## Instructions to follow
Look for the line that has "using power_diff_1_eq[of z n] by" in the material below; please repeat it and every line after it, exactly, up to and including the line that has "using power_diff_1_eq[of z n] assms", and nothing else.

## Information given
(* Let $n>1$ be a natural number and $\Psi_n(t) = 1+t+\cdots+t^{n-1}$. Then $\operatorname{Discr}_\ast(\Psi_n(t)) = n^{n-2}$ and $\operatorname{Prod}_\ast(\Psi_n(t)) = n^{n-1}$; in particular $\operatorname{Discr}_\ast(\Psi_n(t))\cdot\operatorname{Prod}_\ast(\Psi_n(t)) = n^{n-2}\cdot n^{n-1}$.
   Context: For nonconstant $r(t)\in\mathbb{Z}[t]$ of degree $d$ with leading coefficient $a$, distinct roots $\lambda_1,\dots,\lambda_l\in\overline{\mathbb{Q}}$ with multiplicities $m_1,\dots,m_l$, and $m=\max m_i$: $\operatorname{Discr}_\ast(r(t)) := a^{1+2d^2}(m-1)!\prod_{1\le i\ne j\le l}(\lambda_i-\lambda_j)^m$ and $\operatorname{Prod}_\ast(r(t)) := a^{2d^3}\prod_{1\le i,j\le l,\ r(\lambda_i\lambda_j)\ne0}r(\lambda_i\lambda_j)$. *)

theory Defs
  imports "HOL-Computational_Algebra.Polynomial" Complex_Main
begin

text \<open>Roots are taken in the complex numbers (an algebraically closed field
containing the algebraic closure of the rationals); the quantities below do not
depend on the choice of embedding.\<close>

definition croots :: "int poly \<Rightarrow> complex set" where
  "croots r = {z. poly (map_poly (of_int :: int \<Rightarrow> complex) r) z = 0}"

definition max_mult :: "int poly \<Rightarrow> nat" where
  "max_mult r = Max ((\<lambda>z. order z (map_poly of_int r :: complex poly)) ` croots r)"

definition Discr_star :: "int poly \<Rightarrow> complex" where
  "Discr_star r =
     of_int (lead_coeff r) ^ (1 + 2 * (degree r)^2) * of_nat (fact (max_mult r - 1)) *
     (\<Prod>p \<in> {(x, y). x \<in> croots r \<and> y \<in> croots r \<and> x \<noteq> y}.
        (fst p - snd p) ^ max_mult r)"

definition Prod_star :: "int poly \<Rightarrow> complex" where
  "Prod_star r =
     of_int (lead_coeff r) ^ (2 * (degree r)^3) *
     (\<Prod>p \<in> {(x, y). x \<in> croots r \<and> y \<in> croots r \<and>
                     poly (map_poly (of_int :: int \<Rightarrow> complex) r) (x * y) \<noteq> 0}.
        poly (map_poly (of_int :: int \<Rightarrow> complex) r) (fst p * snd p))"

definition Psi :: "nat \<Rightarrow> int poly" where
  "Psi n = (\<Sum>i<n. monom 1 i)"

end

theory Submission
  imports Defs "HOL-Computational_Algebra.Fundamental_Theorem_Algebra"
begin

text \<open>Over \<open>\<complex>\<close> we have \<open>(t - 1) \<Psi>\<^sub>n(t) = t\<^sup>n - 1\<close>, so the roots of the monic polynomial
\<open>\<Psi>\<^sub>n\<close> are the \<open>n\<close>-th roots of unity other than \<open>1\<close>, all of them simple, and \<open>Discr\<^sub>*\<close> is
the plain product of the differences of distinct roots. Differentiating \<open>t\<^sup>n - 1\<close> at a root
\<open>x\<close> gives \<open>(x - 1) \<Prod>\<^sub>y\<^sub>\<noteq>\<^sub>x (x - y) = n x\<^sup>n\<^sup>-\<^sup>1\<close>; multiplying over all roots and using
\<open>\<Prod> (1 - x) = \<Psi>\<^sub>n(1) = n\<close> and \<open>\<Prod> (-x) = \<Psi>\<^sub>n(0) = 1\<close> yields \<open>n\<^sup>n\<^sup>-\<^sup>2\<close>.
For \<open>Prod\<^sub>*\<close>, a product \<open>xy\<close> of two roots is again an \<open>n\<close>-th root of unity, so
\<open>\<Psi>\<^sub>n(xy) \<noteq> 0\<close> forces \<open>y = x\<^sup>-\<^sup>1\<close>; each of these \<open>n - 1\<close> pairs contributes \<open>\<Psi>\<^sub>n(1) = n\<close>.\<close>

lemma prod_offdiagonal_pairs:
  assumes "finite A"
  shows "(\<Prod>p \<in> {(x, y). x \<in> A \<and> y \<in> A \<and> x \<noteq> y}. f (fst p) (snd p))
           = (\<Prod>x\<in>A. \<Prod>y\<in>A - {x}. f x y)"
proof -
  have "{(x, y). x \<in> A \<and> y \<in> A \<and> x \<noteq> y} = Sigma A (\<lambda>x. A - {x})" by auto
  then show ?thesis using assms by (simp add: prod.Sigma split_def)
qed

lemma power_minus_one_self_power: "((-1 :: 'a::ring_1) ^ m) ^ m = (-1) ^ m"
  by (cases "even m") (simp_all add: power_mult [symmetric])

lemma rsquarefree_mult_right: "rsquarefree (p * q) \<Longrightarrow> rsquarefree q"
  by (auto simp: rsquarefree_def order_mult)

lemma rsquarefree_monom_minus_1: "n > 0 \<Longrightarrow> rsquarefree (monom (1 :: 'a::field_char_0) n - 1)"
  by (auto simp: rsquarefree_roots pderiv_diff pderiv_monom poly_monom power_0_left)

lemma poly_pderiv_prod_linear_factors:
  fixes R :: "'a::idom set"
  assumes "finite R" "x \<in> R"
  shows "poly (pderiv (\<Prod>z\<in>R. [:-z, 1:])) x = (\<Prod>y\<in>R - {x}. x - y)"
proof -
  have "(\<Prod>z\<in>R. [:-z, 1:]) = [:-x, 1:] * (\<Prod>z\<in>R - {x}. [:-z, 1:])"
    using assms by (simp add: prod.remove)
  then show ?thesis by (simp only: pderiv_mult) (simp add: pderiv_pCons poly_prod)
qed

lemma max_mult_eq_1:
  assumes "rsquarefree (map_poly (of_int :: int \<Rightarrow> complex) r)" "croots r \<noteq> {}"
  shows "max_mult r = 1"
proof -
  have "order z (map_poly of_int r :: complex poly) = 1" if "z \<in> croots r" for z
    using assms(1) that by (intro rsquarefree_root_order) (auto simp: croots_def rsquarefree_def)
  then have "(\<lambda>z. order z (map_poly of_int r :: complex poly)) ` croots r = {1}"
    using assms(2) by auto
  then show ?thesis by (simp add: max_mult_def)
qed

lemma Discr_star_monic_simple_roots:
  assumes "lead_coeff r = 1" "max_mult r = 1" "finite (croots r)"
  shows "Discr_star r = (\<Prod>x\<in>croots r. \<Prod>y\<in>croots r - {x}. x - y)"
  using assms by (simp add: Discr_star_def prod_offdiagonal_pairs)

lemma coeff_Psi: "coeff (Psi n) i = (if i < n then 1 else 0)"
  by (simp add: Psi_def coeff_sum)

lemma degree_Psi: "n > 0 \<Longrightarrow> degree (Psi n) = n - 1"
  by (intro antisym degree_le le_degree) (auto simp: coeff_Psi)

lemma lead_coeff_Psi: "n > 0 \<Longrightarrow> lead_coeff (Psi n) = 1"
  by (simp add: degree_Psi coeff_Psi)

lemma poly_Psi: "poly (map_poly (of_int :: int \<Rightarrow> 'a::comm_ring_1) (Psi n)) z = (\<Sum>i<n. z ^ i)"
proof -
  have "map_poly (of_int :: int \<Rightarrow> 'a) (Psi n) = (\<Sum>i<n. monom 1 i)"
    by (rule poly_eqI) (simp add: coeff_map_poly coeff_Psi coeff_sum)
  then show ?thesis by (simp add: poly_sum poly_monom)
qed

abbreviation Psi_complex :: "nat \<Rightarrow> complex poly" where
  "Psi_complex n \<equiv> map_poly of_int (Psi n)"

lemma degree_Psi_complex: "degree (Psi_complex n) = degree (Psi n)"
  by (rule degree_map_poly) simp

lemma Psi_complex_mult_linear_factor: "[:-1, 1:] * Psi_complex n = monom 1 n - 1"
proof -
  have "poly ([:-1, 1:] * Psi_complex n) z = poly (monom 1 n - 1) z" for z
    using power_diff_1_eq[of z n] by (simp add: poly_Psi poly_monom algebra_simps)
  then have "poly ([:-1, 1:] * Psi_complex n) = poly (monom 1 n - 1)" ..
  then show ?thesis by (simp add: poly_eq_poly_eq_iff)
qed

lemma rsquarefree_Psi_complex: "n > 0 \<Longrightarrow> rsquarefree (Psi_complex n)"
  using rsquarefree_monom_minus_1 rsquarefree_mult_right Psi_complex_mult_linear_factor by metis

lemma croots_Psi:
  assumes "n > 0"
  shows "croots (Psi n) = {z. z ^ n = 1 \<and> z \<noteq> 1}"
proof -
  have "poly (Psi_complex n) z = 0 \<longleftrightarrow> z ^ n = 1 \<and> z \<noteq> 1" for z
    using power_diff_1_eq[of z n] assms by (cases "z = 1") (auto simp: poly_Psi)
  then show ?thesis by (auto simp: croots_def)
qed

lemma Psi_complex_eq_prod:
  assumes "n > 0"
  shows "Psi_complex n = (\<Prod>z\<in>croots (Psi n). [:-z, 1:])"
proof -
  have "lead_coeff (Psi_complex n) = 1"
    using assms by (simp add: degree_Psi_complex coeff_map_poly lead_coeff_Psi)
  then show ?thesis
    using complex_poly_decompose_rsquarefree[OF rsquarefree_Psi_complex[OF assms]]
    by (simp add: croots_def)
qed

lemma poly_Psi_complex_eq_prod:
  "n > 0 \<Longrightarrow> poly (Psi_complex n) c = (\<Prod>x\<in>croots (Psi n). c - x)"
  by (simp add: Psi_complex_eq_prod poly_prod)

lemma finite_croots_Psi: "n > 0 \<Longrightarrow> finite (croots (Psi n))"
  by (simp add: croots_Psi finite_roots_unity)

lemma card_croots_Psi: "n > 0 \<Longrightarrow> card (croots (Psi n)) = n - 1"
  using degree_prod_sum_eq[of "croots (Psi n)" "\<lambda>z. [:-z, 1 :: complex:]"]
  by (simp add: Psi_complex_eq_prod [symmetric] degree_Psi_complex degree_Psi)

lemma prod_croots_Psi:
  assumes "n > 0"
  shows "(\<Prod>x\<in>croots (Psi n). x) = (-1) ^ (n - 1)"
    and "(\<Prod>x\<in>croots (Psi n). x - 1) = (-1) ^ (n - 1) * of_nat n"
proof -
  let ?R = "croots (Psi n)"
  have minus_prod: "(\<Prod>x\<in>?R. - f x) = (-1) ^ (n - 1) * (\<Prod>x\<in>?R. f x)" for f :: "complex \<Rightarrow> complex"
    using prod.distrib[of "\<lambda>_. -1" f ?R] assms by (simp add: card_croots_Psi)
  have "(\<Prod>x\<in>?R. 0 - x) = 1" "(\<Prod>x\<in>?R. 1 - x) = of_nat n"
    using poly_Psi_complex_eq_prod[OF assms, of 0] poly_Psi_complex_eq_prod[OF assms, of 1] assms
    by (simp_all add: poly_Psi poly_0_coeff_0 coeff_map_poly coeff_Psi)
  then show "(\<Prod>x\<in>?R. x) = (-1) ^ (n - 1)" "(\<Prod>x\<in>?R. x - 1) = (-1) ^ (n - 1) * of_nat n"
    using minus_prod[of uminus] minus_prod[of "\<lambda>x. 1 - x"] by simp_all
qed

lemma linear_factor_times_prod_diff_croots_Psi:
  assumes "n > 0" "x \<in> croots (Psi n)"
  shows "(x - 1) * (\<Prod>y\<in>croots (Psi n) - {x}. x - y) = of_nat n * x ^ (n - 1)"
proof -
  let ?R = "croots (Psi n)"
  let ?U = "insert 1 ?R"
  have U: "finite ?U" "x \<in> ?U" "1 \<notin> ?R"
    using assms by (auto simp: finite_croots_Psi croots_Psi)
  have "(\<Prod>z\<in>?U. [:-z, 1:]) = [:-1, 1:] * (\<Prod>z\<in>?R. [:-z, 1:])"
    using finite_croots_Psi[OF assms(1)] U(3) by (rule prod.insert)
  also have "\<dots> = monom 1 n - 1"
    by (simp only: Psi_complex_eq_prod[OF assms(1), symmetric] Psi_complex_mult_linear_factor)
  finally have "poly (pderiv (monom 1 n - 1)) x = (\<Prod>y\<in>?U - {x}. x - y)"
    using poly_pderiv_prod_linear_factors[OF U(1,2)] by simp
  also have "?U - {x} = insert 1 (?R - {x})" using U assms(2) by auto
  finally show ?thesis
    using U by (simp add: pderiv_diff pderiv_monom poly_monom)
qed

lemma Discr_star_Psi:
  assumes "n > 1"
  shows "Discr_star (Psi n) = of_nat n ^ (n - 2)"
proof -
  let ?R = "croots (Psi n)" and ?s = "(-1 :: complex) ^ (n - 1)"
  define D where "D = (\<Prod>x\<in>?R. \<Prod>y\<in>?R - {x}. x - y)"
  have n0: "n > 0" and card: "card ?R = n - 1"
    using assms card_croots_Psi by auto
  have "max_mult (Psi n) = 1"
    using assms card rsquarefree_Psi_complex by (intro max_mult_eq_1) auto
  then have Discr: "Discr_star (Psi n) = D"
    using n0 by (simp add: D_def Discr_star_monic_simple_roots lead_coeff_Psi finite_croots_Psi)
  have "?s * of_nat n * D = (\<Prod>x\<in>?R. (x - 1) * (\<Prod>y\<in>?R - {x}. x - y))"
    by (simp only: D_def prod_croots_Psi(2)[OF n0, symmetric] prod.distrib)
  also have "\<dots> = (\<Prod>x\<in>?R. of_nat n * x ^ (n - 1))"
    using linear_factor_times_prod_diff_croots_Psi[OF n0] by simp
  also have "\<dots> = of_nat n ^ (n - 1) * (\<Prod>x\<in>?R. x) ^ (n - 1)"
    by (simp add: prod.distrib card prod_power_distrib)
  also have "\<dots> = ?s * of_nat n * of_nat n ^ (n - 2)"
    using power_minus_mult[of "n - 1" "of_nat n :: complex"] assms
    by (simp add: prod_croots_Psi(1)[OF n0] power_minus_one_self_power numeral_2_eq_2 mult_ac)
  finally show ?thesis using n0 by (simp add: Discr)
qed

lemma Prod_star_Psi:
  assumes "n > 0"
  shows "Prod_star (Psi n) = of_nat n ^ (n - 1)"
proof -
  let ?R = "croots (Psi n)"
  have root_iff: "poly (Psi_complex n) z = 0 \<longleftrightarrow> z ^ n = 1 \<and> z \<noteq> 1" for z
    using croots_Psi[OF assms] by (auto simp: croots_def)
  have nonzero: "x \<noteq> 0" if "x \<in> ?R" for x
    using that assms by (auto simp: croots_Psi power_0_left)
  have Psi_at_1: "poly (Psi_complex n) (x * inverse x) = of_nat n" if "x \<in> ?R" for x
    using nonzero[OF that] by (simp add: poly_Psi)
  have "{(x, y). x \<in> ?R \<and> y \<in> ?R \<and> poly (Psi_complex n) (x * y) \<noteq> 0}
          = (\<lambda>x. (x, inverse x)) ` ?R"
  proof -
    have "y = inverse x" if "x \<in> ?R" "y \<in> ?R" "poly (Psi_complex n) (x * y) \<noteq> 0" for x y
      using that root_iff[of "x * y"] assms
      by (auto simp: croots_Psi power_mult_distrib inverse_unique)
    moreover have "inverse x \<in> ?R" if "x \<in> ?R" for x
      using that assms by (auto simp: croots_Psi power_inverse)
    ultimately show ?thesis
      using Psi_at_1 assms by fastforce
  qed
  then show ?thesis
    using assms Psi_at_1
    by (simp add: Prod_star_def lead_coeff_Psi prod.reindex inj_on_def card_croots_Psi)
qed

theorem proposition4p12:
  fixes n :: nat
  assumes "n > 1"
  shows "Discr_star (Psi n) = of_nat n ^ (n - 2)
       \<and> Prod_star (Psi n) = of_nat n ^ (n - 1)
       \<and> Discr_star (Psi n) * Prod_star (Psi n) = of_nat n ^ (n - 2) * of_nat n ^ (n - 1)"
  using Discr_star_Psi[OF assms] Prod_star_Psi[of n] assms by simp

end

## Response for this exercise
    using power_diff_1_eq[of z n] by (simp add: poly_Psi poly_monom algebra_simps)
  then have "poly ([:-1, 1:] * Psi_complex n) = poly (monom 1 n - 1)" ..
  then show ?thesis by (simp add: poly_eq_poly_eq_iff)
qed

lemma rsquarefree_Psi_complex: "n > 0 \<Longrightarrow> rsquarefree (Psi_complex n)"
  using rsquarefree_monom_minus_1 rsquarefree_mult_right Psi_complex_mult_linear_factor by metis

lemma croots_Psi:
  assumes "n > 0"
  shows "croots (Psi n) = {z. z ^ n = 1 \<and> z \<noteq> 1}"
proof -
  have "poly (Psi_complex n) z = 0 \<longleftrightarrow> z ^ n = 1 \<and> z \<noteq> 1" for z
    using power_diff_1_eq[of z n] assms by (cases "z = 1") (auto simp: poly_Psi)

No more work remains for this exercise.